Esta vez, la imagen, el momento, el sonido,..., lo debes poner tú.
Me ocurre lo que a otros. Vamos, que no me distingo mucho del resto de los blogueros. No he encontrado una definición exhaustiva de la ternura. He llegado hasta la página 30 de google buscando una definición que me llenara y no la he encontrado. De ahí que haya tardado más de lo habitual en hacer esta entrada. Tras leer bastante sobre esta emoción, me quedo casi igual.
¿Y por qué me da por esto ahora? ¿Estoy ñoño, sensible, melancólico, flojito? Pues no. Voy en búsqueda de la emoción más fuerte en sentido positivo. La más potente.  En su momento tan sólo indiqué su existencia.
Os invito a visitar primero esta entrada y luego esta otra para que os hagáis una idea de por dónde van los tiros. Veréis que el potencial de la ternura es bárbaro.  Es un arma de construcción activa. No pienso ignorarlo.
Pues manos a la obra.
Según el RAE, la ternura se define como : Cariño, amor, amabilidad o afecto.
Por tanto, al cariño, amor, afecto o amabilidad que una persona expresa y demuestra por determinadas cosas o por alguien se lo designa con el término de ternura.
¿Algo más genérico no puede ser? Eso sí, bien leída, esta definición engloba emociones que consideramos vitales para nuestra felicidad y que pedimos  y, alguna vez, tratamos de dar. Pues la ternura está por encima de todas ellas. ¡Imaginaos el potencial de esta emoción positiva global!

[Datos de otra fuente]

(* Every algebra in the class $\mathcal A$ has a distributive congruence lattice (i.e. $\mathcal A$ is congruence distributive). The variety $\mathcal W$ is arithmetical (congruence permutable and congruence distributive) and congruence regular (for every $\mathbf B\in\mathcal W$, every element $a$ of $\mathbf B$ and all congruences $\Theta,\Phi$ of $\mathbf B$, $[a]\Theta=[a]\Phi$ implies $\Theta=\Phi$).
   Context: A bounded directoid with unary operation is an algebra $(P,\sqcup,{}',0,1)$ of type $(2,1,0,0)$ satisfying $x\sqcup x=x$, $x\sqcup y=y\sqcup x$, $x\sqcup((x\sqcup y)\sqcup z)=(x\sqcup y)\sqcup z$, $x\sqcup 0=x$, $x\sqcup 1=1$. Its induced order is $x\leq y$ iff $x\sqcup y=y$. Put $x\sqcap y:=(x'\sqcup y')'$. Conditions: (i) for all $x,y,z$: if $(x\sqcup z)\sqcup(((x'\sqcap w)\sqcap((x\sqcup y)\sqcap w))\sqcup z)=z$ for all $w\in P$, then $(x\sqcup y)\sqcup z=z$; (ii) $(x\sqcap y)\sqcup x\approx x$; (iii) $(x\sqcup y)\sqcup(x'\sqcup y)\approx 1$; (iv) $x''\approx x$; (i') $x\sqcup y\leq(x\sqcup z)\sqcup((x'\sqcap(x\sqcup y))\sqcup z)$ (as an identity, via the induced order). $\mathcal A$ is the class of bounded directoids with unary operation satisfying (i)–(iv) (equivalently, the directoids assigned to generalized orthomodular posets); $\mathcal W$ is the variety of bounded directoids with unary operation satisfying (ii), (iii), (iv) and (i'). *)

theory Defs
  imports Main
begin

text \<open>An algebra (P, join, cmp, zero, one) of type (2,1,0,0) is represented by a
 carrier type 'a (the whole type) together with its operations.\<close>

definition bdir :: "('a \<Rightarrow> 'a \<Rightarrow> 'a) \<Rightarrow> ('a \<Rightarrow> 'a) \<Rightarrow> 'a \<Rightarrow> 'a \<Rightarrow> bool" where
  "bdir j c z u \<longleftrightarrow>
     (\<forall>x. j x x = x) \<and> (\<forall>x y. j x y = j y x) \<and>
     (\<forall>x y w. j x (j (j x y) w) = j (j x y) w) \<and>
     (\<forall>x. j x z = x) \<and> (\<forall>x. j x u = u)"

definition dmeet :: "('a \<Rightarrow> 'a \<Rightarrow> 'a) \<Rightarrow> ('a \<Rightarrow> 'a) \<Rightarrow> 'a \<Rightarrow> 'a \<Rightarrow> 'a" where
  "dmeet j c x y = c (j (c x) (c y))"

definition dleq :: "('a \<Rightarrow> 'a \<Rightarrow> 'a) \<Rightarrow> 'a \<Rightarrow> 'a \<Rightarrow> bool" where
  "dleq j x y \<longleftrightarrow> j x y = y"

definition cond_i :: "('a \<Rightarrow> 'a \<Rightarrow> 'a) \<Rightarrow> ('a \<Rightarrow> 'a) \<Rightarrow> bool" where
  "cond_i j c \<longleftrightarrow> (\<forall>x y z.
     (\<forall>w. j (j x z) (j (dmeet j c (dmeet j c (c x) w) (dmeet j c (j x y) w)) z) = z)
     \<longrightarrow> j (j x y) z = z)"

definition cond_ii :: "('a \<Rightarrow> 'a \<Rightarrow> 'a) \<Rightarrow> ('a \<Rightarrow> 'a) \<Rightarrow> bool" where
  "cond_ii j c \<longleftrightarrow> (\<forall>x y. j (dmeet j c x y) x = x)"

definition cond_iii :: "('a \<Rightarrow> 'a \<Rightarrow> 'a) \<Rightarrow> ('a \<Rightarrow> 'a) \<Rightarrow> 'a \<Rightarrow> bool" where
  "cond_iii j c u \<longleftrightarrow> (\<forall>x y. j (j x y) (j (c x) y) = u)"

definition cond_iv :: "('a \<Rightarrow> 'a) \<Rightarrow> bool" where
  "cond_iv c \<longleftrightarrow> (\<forall>x. c (c x) = x)"

definition cond_i' :: "('a \<Rightarrow> 'a \<Rightarrow> 'a) \<Rightarrow> ('a \<Rightarrow> 'a) \<Rightarrow> bool" where
  "cond_i' j c \<longleftrightarrow> (\<forall>x y z.
     dleq j (j x y) (j (j x z) (j (dmeet j c (c x) (j x y)) z)))"

definition in_A :: "('a \<Rightarrow> 'a \<Rightarrow> 'a) \<Rightarrow> ('a \<Rightarrow> 'a) \<Rightarrow> 'a \<Rightarrow> 'a \<Rightarrow> bool" where
  "in_A j c z u \<longleftrightarrow> bdir j c z u \<and> cond_i j c \<and> cond_ii j c \<and> cond_iii j c u \<and> cond_iv c"

definition in_W :: "('a \<Rightarrow> 'a \<Rightarrow> 'a) \<Rightarrow> ('a \<Rightarrow> 'a) \<Rightarrow> 'a \<Rightarrow> 'a \<Rightarrow> bool" where
  "in_W j c z u \<longleftrightarrow> bdir j c z u \<and> cond_ii j c \<and> cond_iii j c u \<and> cond_iv c \<and> cond_i' j c"

text \<open>Congruences of an algebra of type (2,1,0,0) (nullary operations are trivially compatible).\<close>

definition is_con :: "('a \<Rightarrow> 'a \<Rightarrow> 'a) \<Rightarrow> ('a \<Rightarrow> 'a) \<Rightarrow> 'a rel \<Rightarrow> bool" where
  "is_con j c R \<longleftrightarrow> equiv UNIV R \<and>
     (\<forall>a a' b b'. (a, a') \<in> R \<longrightarrow> (b, b') \<in> R \<longrightarrow> (j a b, j a' b') \<in> R) \<and>
     (\<forall>a a'. (a, a') \<in> R \<longrightarrow> (c a, c a') \<in> R)"

definition con_join :: "('a \<Rightarrow> 'a \<Rightarrow> 'a) \<Rightarrow> ('a \<Rightarrow> 'a) \<Rightarrow> 'a rel \<Rightarrow> 'a rel \<Rightarrow> 'a rel" where
  "con_join j c R S = \<Inter>{T. is_con j c T \<and> R \<union> S \<subseteq> T}"

definition con_distributive :: "('a \<Rightarrow> 'a \<Rightarrow> 'a) \<Rightarrow> ('a \<Rightarrow> 'a) \<Rightarrow> bool" where
  "con_distributive j c \<longleftrightarrow> (\<forall>R S T. is_con j c R \<longrightarrow> is_con j c S \<longrightarrow> is_con j c T \<longrightarrow>
     R \<inter> con_join j c S T = con_join j c (R \<inter> S) (R \<inter> T))"

definition con_permutable :: "('a \<Rightarrow> 'a \<Rightarrow> 'a) \<Rightarrow> ('a \<Rightarrow> 'a) \<Rightarrow> bool" where
  "con_permutable j c \<longleftrightarrow> (\<forall>R S. is_con j c R \<longrightarrow> is_con j c S \<longrightarrow> R O S = S O R)"

definition con_regular :: "('a \<Rightarrow> 'a \<Rightarrow> 'a) \<Rightarrow> ('a \<Rightarrow> 'a) \<Rightarrow> bool" where
  "con_regular j c \<longleftrightarrow> (\<forall>a R S. is_con j c R \<longrightarrow> is_con j c S \<longrightarrow> R `` {a} = S `` {a} \<longrightarrow> R = S)"

end

theory Submission
  imports Defs
begin

text \<open>
  Under (ii) and (iv) alone, (x \<sqinter> y) \<squnion> (y \<sqinter> w) \<squnion> (w \<sqinter> x) is a majority term, so every
  algebra of \<A> (and of \<W>) is congruence distributive.

  In \<W>, condition (i') makes the induced order orthomodular: x \<le> y implies x \<squnion> (y \<sqinter> x') = y.
  With x \<ominus> y = x \<sqinter> (x \<sqinter> y)', the term p(x, y, w) = (x \<sqinter> (y \<ominus> w)') \<squnion> (w \<ominus> y) then satisfies
  p(x, x, y) = y and p(x, y, y) = x, a Maltsev term, whence permutability.
  The same identity p(x, x, y) = y shows that a congruence is determined by its 0-class, because
  x \<ominus> y and y \<ominus> x are congruent to 0 whenever x and y are. Finally any class [a] determines the
  0-class: if d \<equiv> 0 then a \<equiv> a \<squnion> d and a \<equiv> a \<sqinter> d', so d \<equiv> d \<sqinter> a and d \<equiv> d \<sqinter> a' in every
  congruence with the same class of a, and there d \<equiv> (d \<sqinter> a) \<sqinter> (d \<sqinter> a') = 0.
\<close>

lemma is_conI:
  assumes "\<And>x. (x, x) \<in> R"
    and "\<And>x y. (x, y) \<in> R \<Longrightarrow> (y, x) \<in> R"
    and "\<And>x y w. (x, y) \<in> R \<Longrightarrow> (y, w) \<in> R \<Longrightarrow> (x, w) \<in> R"
    and "\<And>a a' b b'. (a, a') \<in> R \<Longrightarrow> (b, b') \<in> R \<Longrightarrow> (j a b, j a' b') \<in> R"
    and "\<And>a a'. (a, a') \<in> R \<Longrightarrow> (c a, c a') \<in> R"
  shows "is_con j c R"
proof -
  have "equiv UNIV R"
    by (rule equivI) (auto intro: refl_onI symI transI assms(1-3))
  then show ?thesis
    unfolding is_con_def using assms(4,5) by blast
qed

lemma is_con_refl: "is_con j c R \<Longrightarrow> (x, x) \<in> R"
  unfolding is_con_def equiv_def refl_on_def by blast

lemma is_con_sym: "is_con j c R \<Longrightarrow> (x, y) \<in> R \<Longrightarrow> (y, x) \<in> R"
  unfolding is_con_def equiv_def sym_def by blast

lemma is_con_trans: "is_con j c R \<Longrightarrow> (x, y) \<in> R \<Longrightarrow> (y, w) \<in> R \<Longrightarrow> (x, w) \<in> R"
  unfolding is_con_def equiv_def trans_def by blast

lemma is_con_compat_j: "is_con j c R \<Longrightarrow> (a, a') \<in> R \<Longrightarrow> (b, b') \<in> R \<Longrightarrow> (j a b, j a' b') \<in> R"
  unfolding is_con_def by blast

lemma is_con_compat_c: "is_con j c R \<Longrightarrow> (a, a') \<in> R \<Longrightarrow> (c a, c a') \<in> R"
  unfolding is_con_def by blast

lemma is_con_compat_dmeet:
  assumes R: "is_con j c R" and "(a, a') \<in> R" "(b, b') \<in> R"
  shows "(dmeet j c a b, dmeet j c a' b') \<in> R"
  unfolding dmeet_def using assms(2,3) by (intro is_con_compat_c[OF R] is_con_compat_j[OF R])

lemma is_con_Inter:
  assumes con: "\<And>T. T \<in> \<T> \<Longrightarrow> is_con j c T"
  shows "is_con j c (\<Inter>\<T>)"
proof (rule is_conI)
  show "(x, x) \<in> \<Inter>\<T>" for x
    using is_con_refl[OF con] by blast
  show "(y, x) \<in> \<Inter>\<T>" if "(x, y) \<in> \<Inter>\<T>" for x y
    using that is_con_sym[OF con] by blast
  show "(x, w) \<in> \<Inter>\<T>" if "(x, y) \<in> \<Inter>\<T>" "(y, w) \<in> \<Inter>\<T>" for x y w
    using that is_con_trans[OF con] by blast
  show "(j a b, j a' b') \<in> \<Inter>\<T>" if "(a, a') \<in> \<Inter>\<T>" "(b, b') \<in> \<Inter>\<T>" for a a' b b'
    using that is_con_compat_j[OF con] by blast
  show "(c a, c a') \<in> \<Inter>\<T>" if "(a, a') \<in> \<Inter>\<T>" for a a'
    using that is_con_compat_c[OF con] by blast
qed

lemma is_con_Int: "is_con j c R \<Longrightarrow> is_con j c S \<Longrightarrow> is_con j c (R \<inter> S)"
  using is_con_Inter[of "{R, S}" j c] by auto

lemma is_con_con_join: "is_con j c (con_join j c R S)"
  unfolding con_join_def by (rule is_con_Inter) blast

lemma con_join_upper: "R \<union> S \<subseteq> con_join j c R S"
  unfolding con_join_def by blast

Permitidme que os adjunte también como recordatorio la definición que el RAE nos da sobre emoción: “1. f. Alteración del ánimo intensa y pasajera, agradable o penosa, que va acompañada de cierta conmoción somática.”
Por tanto, si consideramos la ternura como una emoción (además positiva) la consideraríamos como una alteración del ánimo intensa y pasajera, agradable, que va acompañada de cierta conmoción somática.
Bueno, pues los estudios científicos nos demuestran que esa conmoción somática es intensa, medible, y satisfactoria (véase coherencia cardíaca).  Como no sólo de estudios científicos viven las personas, os invito a que cerréis los ojos y recordéis un momento de ternura. Cuando los abráis, os daréis cuenta de que en vuestra boca se ha reflejado una sonrisa. Y con un poco más de sensibilidad, tal vez hayáis sentido incluso cierto relax y cierta paz.
¿Qué podemos hacer entonces  para hacer esa emoción nuestra? Os invito  a ser coleccionistas y buscadores de ternura. ¿Para qué? Para  usar ese archivo en cualquier momento, bueno, malo o regular.
¿Cuándo sentiste ternura por última vez? ¿Qué pasa cuando recuerdas algún momento tierno? ¿Cómo podríamos aumentar nuestra colección de ternura?
Permitidme finalmente que os deje este párrafo de Jacques Salomé, autor del libro “Cómo atraer la ternura” , que desde luego nos invita a pensar.
“La ternura no es un estado permanente, sino un descubrimiento perpetuo que cada uno de nosotros podemos hacer, no a través de la fragilidad de las apariencias o la rutina de las costumbres, sino en una vivencia consciente y completa del presente. La ternura no nace de lo imposible, sino que engendra vitalmente lo posible”.
Pd.- Veréis que la ternura da para mucho. Así que poco a poco iremos entrando en esta materia. ¡Quedáis advertidos!